# won't rev past 3k rpm



## gvw (Aug 2, 2007)

I have a 1989 HB with the V6 (auto), and I'm having some trouble.

It idles a little rough until it fully warms ups (down around 500 rpm), but once it is warm it idles fine like normal around 900 rpm and I can rev it smoothly up to 3000 rpm. The problem is, it won't rev past that, it doesn't seem like it wants to die but just won't rev past 3000 rpm. 

Is there a sensor that controls higher rpm? 

I haven't started the truck in about in 3-4 weeks, but the last time it ran fine with no problems, but now today that I started it, this problem showed up. 

Any ideas/suggestions of what to look at?

Thanks


----------



## zanegrey (Dec 5, 2005)

read the codes...


----------



## 88pathoffroad (Jun 6, 2004)

If there is a problem with the injectors or the mass airflow sensor it will go into Safe Mode and not let you rev it past 2800 RPM's. Check those first. Run the ECU error codes.


----------



## franknt (Nov 29, 2007)

I have the same problem with my 97' 4x4 4cyl. Just checked the codes and got 0102 Mass Air Flow problem. Gonna replace tommorrow.


----------



## gvw (Aug 2, 2007)

I just pulled the codes and it flashed 1 red and then 2 greens (12) so it looks like it's the air flow meter. 

is there a lot of trouble replacing that part?
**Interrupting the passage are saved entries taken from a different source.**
(* Let $\{x^k\}$ be generated by the ABP algorithm described in the context and assume (A1)–(A6), (A7') and (A8) below: (A1) $\mathcal F$ is continuously differentiable; (A2) $C$ and $Q$ are nonempty, closed and convex, and $z_i^*>-\infty$ for each $i$; (A3) each $f_i$ is convex; (A4) $\Omega\neq\emptyset$; (A5) $\lambda_k>0$, $\sum_k\lambda_k=\infty$, $\sum_k\lambda_k^2<\infty$; (A6) $\underline\alpha\le\alpha_k\le\bar\alpha$, $\underline\beta\le\beta_k\le\bar\beta$, $\underline\gamma\le\gamma_k\le\bar\gamma$ for all $k$, for constants $0<\underline\alpha\le\bar\alpha$, $0<\underline\beta\le\bar\beta$, $0<\underline\gamma\le\bar\gamma$; (A7') $\sigma:=\varphi^*-\varphi_{\mathrm{lb}}\le\varepsilon_0$ for a known constant $\varepsilon_0\ge0$; (A8) $\sup_k\|x^k\|\le B<\infty$. Let $\bar M<\infty$ be a uniform bound $\|d^k\|\le\bar M$ for all $k$ (which exists under these assumptions), $\bar\eta:=\max(\mu,\bar M)$ and $C_*:=\bar\alpha\bar\eta/\mu$. Then there exist a subsequence $\{k_j\}$ and a constant $\ell_*\in[0,C_*\varepsilon_0]$ with $\Phi_{k_j}\to\ell_*$ such that every cluster point $\hat x$ of $\{x^{k_j}\}$ satisfies: (i) $H(\hat x)\le \ell_*/\underline\beta\le C_*\varepsilon_0/\underline\beta$, i.e. $\mathrm{dist}(\hat x,C)\le\sqrt{2C_*\varepsilon_0/\underline\beta}$; (ii) $G(\hat x)\le\ell_*/\underline\gamma\le C_*\varepsilon_0/\underline\gamma$, i.e. $\mathrm{dist}(\mathcal F(\hat x),Q^+)\le\sqrt{2C_*\varepsilon_0/\underline\gamma}$; (iii) $\varphi(\hat x)\le\varphi_{\mathrm{lb}}+\ell_*/\underline\alpha\le\varphi^*+C_*\varepsilon_0/\underline\alpha$. Moreover, when $\varepsilon_0=0$, one has $\ell_*=0$, all three bounds vanish, and $\hat x\in\Omega$.
   Context: Let $n,m\ge1$, $\mathcal F=(f_1,\dots,f_m)\colon\mathbb R^n\to\mathbb R^m$, $C\subset\mathbb R^n$, $Q\subset\mathbb R^m$, and $Q^+:=Q-\mathbb R^m_+=\{y-u:y\in Q,u\in\mathbb R^m_+\}$. $P_S$ denotes Euclidean projection onto a nonempty closed convex set $S$. Let $z_i^*:=\inf_{x\in C}f_i(x)$, fix $r\in\mathbb R^m$ with all $r_i>0$, $\sum_ir_i=1$. Define $\varphi(x):=\max_i r_i(f_i(x)-z_i^* )$, $H(x):=\tfrac12\mathrm{dist}^2(x,C)$, $G(x):=\tfrac12\mathrm{dist}^2(\mathcal F(x),Q^+)$, $\mathcal S:=\{x:H(x)=0,G(x)=0\}$, $\varphi^*:=\inf_{\mathcal S}\varphi$, $\Omega:=\{x\in\mathcal S:\varphi(x)=\varphi^*\}$, $\varphi_{\mathrm{lb}}:=\inf_{x\in C}\varphi(x)$. ABP algorithm: given $x^0\in\mathbb R^n$, $\mu>0$, positive sequences $\{\alpha_k\},\{\beta_k\},\{\gamma_k\},\{\lambda_k\}$, for each $k$: $p^k:=P_{Q^+}(\mathcal F(x^k))$, $\rho^k:=\mathcal F(x^k)-p^k$, $z^k:=x^k-P_C(x^k)$, $v^k:=J_{\mathcal F}(x^k)^T\rho^k$, $w^k:=r_{i^*}\nabla f_{i^*}(x^k)$ for an arbitrary $i^*\in\arg\max_ir_i(f_i(x^k)-z_i^* )$, $\Delta_k:=\varphi(x^k)-\varphi_{\mathrm{lb}}$, $d^k:=\alpha_k\mathbf 1_{\{\Delta_k\ge0\}}w^k+\beta_kz^k+\gamma_kv^k$, $\eta_k:=\max(\mu,\|d^k\|)$, $x^{k+1}:=x^k-(\lambda_k/\eta_k)d^k$. Notation: $H_k:=H(x^k)$, $G_k:=G(x^k)$, $\Delta_k^+:=\max(\Delta_k,0)$, $\Phi_k:=\alpha_k\Delta_k^++\beta_kH_k+\gamma_kG_k$. *)

theory Defs
  imports "HOL-Analysis.Analysis"
begin

definition zstar :: "(real^'n \<Rightarrow> real^'m) \<Rightarrow> (real^'n) set \<Rightarrow> 'm \<Rightarrow> real" where
  "zstar F C i = Inf ((\<lambda>x. F x $ i) ` C)"

definition phi :: "(real^'n \<Rightarrow> real^'m::finite) \<Rightarrow> (real^'n) set \<Rightarrow> real^'m \<Rightarrow> real^'n \<Rightarrow> real" where
  "phi F C r x = Max (range (\<lambda>i. r $ i * (F x $ i - zstar F C i)))"

definition Hfun :: "(real^'n) set \<Rightarrow> real^'n \<Rightarrow> real" where
  "Hfun C x = (infdist x C)\<^sup>2 / 2"

definition Qplus :: "(real^'m) set \<Rightarrow> (real^'m) set" where
  "Qplus Q = {y - u | y u. y \<in> Q \<and> (\<forall>i. 0 \<le> u $ i)}"

definition Gfun :: "(real^'n \<Rightarrow> real^'m) \<Rightarrow> (real^'m) set \<Rightarrow> real^'n \<Rightarrow> real" where
  "Gfun F Q x = (infdist (F x) (Qplus Q))\<^sup>2 / 2"

definition feas :: "(real^'n \<Rightarrow> real^'m) \<Rightarrow> (real^'n) set \<Rightarrow> (real^'m) set \<Rightarrow> (real^'n) set" where
  "feas F C Q = {x. Hfun C x = 0 \<and> Gfun F Q x = 0}"

definition phistar :: "(real^'n \<Rightarrow> real^'m::finite) \<Rightarrow> (real^'n) set \<Rightarrow> (real^'m) set \<Rightarrow> real^'m \<Rightarrow> real" where
  "phistar F C Q r = Inf (phi F C r ` feas F C Q)"

definition Omega :: "(real^'n \<Rightarrow> real^'m::finite) \<Rightarrow> (real^'n) set \<Rightarrow> (real^'m) set \<Rightarrow> real^'m \<Rightarrow> (real^'n) set" where
  "Omega F C Q r = {x \<in> feas F C Q. phi F C r x = phistar F C Q r}"

definition philb :: "(real^'n \<Rightarrow> real^'m::finite) \<Rightarrow> (real^'n) set \<Rightarrow> real^'m \<Rightarrow> real" where
  "philb F C r = Inf (phi F C r ` C)"

text \<open>Search direction d^k of the ABP algorithm at the iterate xk, with weights a = alpha_k,
  b = beta_k, c = gamma_k and selected index i (an element of the argmax).
  grad i y is the gradient of f_i at y, so J_F(y)^T rho = sum_i rho_i grad i y.
  The projection onto Q^+ is taken onto its closure (equal to Q^+ whenever Q^+ is closed).\<close>
definition abp_dir ::
  "(real^'n \<Rightarrow> real^'m::finite) \<Rightarrow> ('m \<Rightarrow> real^'n \<Rightarrow> real^'n) \<Rightarrow> (real^'n) set \<Rightarrow> (real^'m) set
    \<Rightarrow> real^'m \<Rightarrow> real \<Rightarrow> real \<Rightarrow> real \<Rightarrow> 'm \<Rightarrow> real^'n \<Rightarrow> real^'n" where
  "abp_dir F grad C Q r a b c i xk =
     (let p = closest_point (closure (Qplus Q)) (F xk);
          \<rho> = F xk - p;
          z = xk - closest_point C xk;
          v = (\<Sum>j\<in>UNIV. (\<rho> $ j) *\<^sub>R grad j xk);
          w = (r $ i) *\<^sub>R grad i xk;
          \<Delta> = phi F C r xk - philb F C r
      in (if \<Delta> \<ge> 0 then a else 0) *\<^sub>R w + b *\<^sub>R z + c *\<^sub>R v)"

definition Phival ::
  "(real^'n \<Rightarrow> real^'m::finite) \<Rightarrow> (real^'n) set \<Rightarrow> (real^'m) set \<Rightarrow> real^'m
    \<Rightarrow> real \<Rightarrow> real \<Rightarrow> real \<Rightarrow> real^'n \<Rightarrow> real" where
  "Phival F C Q r a b c xk =
     a * max (phi F C r xk - philb F C r) 0 + b * Hfun C xk + c * Gfun F Q xk"

end

theory Submission
  imports Defs
begin

(*
  Fix x* in Omega.  Convexity of the f_i and the obtuse-angle property of the projections onto C and
  onto the closure of Q^+ give  Phi_k - alpha_k sigma <= <d^k, x^k - x*>; the residual F(x^k) - p^k is
  componentwise nonnegative because Q^+ is stable under subtracting nonnegative vectors.  Hence every
  normalised step satisfies
    |x^{k+1} - x*|^2 <= |x^k - x*|^2 - 2 (lambda_k / eta_k) (Phi_k - alpha_hi eps0) + lambda_k^2.
  If Phi_k stayed above alpha_hi eps0 + e, summing these inequalities would bound sum lambda_k, so
  liminf Phi_k <= alpha_hi eps0 <= C_* eps0 and some subsequence of Phi_k converges to such an ell.
  Finally beta_lo H, gamma_lo G and alpha_lo (phi - phi_lb) are continuous lower bounds of Phi_k, so
  the bounds pass to every cluster point.
*)

lemma convex_on_imp_above_tangent_linear:
  fixes f :: "'a::real_normed_vector \<Rightarrow> real"
  assumes convex: "convex_on UNIV f" and deriv: "(f has_derivative f') (at x)"
  shows "f x + f' (y - x) \<le> f y"
proof -
  define q where "q t = f (x + t *\<^sub>R (y - x))" for t
  have "convex_on UNIV q"
  proof (rule convex_onI)
    fix t a b :: real
    have "x + ((1 - t) * a + t * b) *\<^sub>R (y - x)
        = (1 - t) *\<^sub>R (x + a *\<^sub>R (y - x)) + t *\<^sub>R (x + b *\<^sub>R (y - x))"
      by (simp add: algebra_simps)
    moreover assume "0 < t" "t < 1"
    ultimately show "q ((1 - t) *\<^sub>R a + t *\<^sub>R b) \<le> (1 - t) * q a + t * q b"
      unfolding q_def using convex_onD[OF convex] by simp
  qed simp
  moreover have "(q has_field_derivative f' (y - x)) (at 0)"
  proof -
    have "((\<lambda>t. x + t *\<^sub>R (y - x)) has_derivative (\<lambda>t. t *\<^sub>R (y - x))) (at 0)"
      by (auto intro!: derivative_eq_intros)
    moreover have "(f has_derivative f') (at ((\<lambda>t. x + t *\<^sub>R (y - x)) 0))"
      using deriv by simp
    ultimately have "(q has_derivative (\<lambda>t. f' (t *\<^sub>R (y - x)))) (at 0)"
      using diff_chain_at unfolding q_def o_def by blast
    then show ?thesis
      using linear_scale[OF has_derivative_linear[OF deriv]]
      by (simp add: has_field_derivative_def mult.commute[of _ "f' (y - x)"])
  qed
  ultimately have "f' (y - x) * (1 - 0) \<le> q 1 - q 0"
    by (intro convex_on_imp_above_tangent) auto
  then show ?thesis by (simp add: q_def)
qed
just checked the price on a replacement price from napa, $844.00. is this right? damn the truck isn't worth much more than that


----------



## 88pathoffroad (Jun 6, 2004)

NAPA prices are always 1000% higher than other places. Shop around. Rockauto.com lists several for around $200.


----------



## gvw (Aug 2, 2007)

88pathoffroad,

thanks for the info, I'll check out Rockauto


----------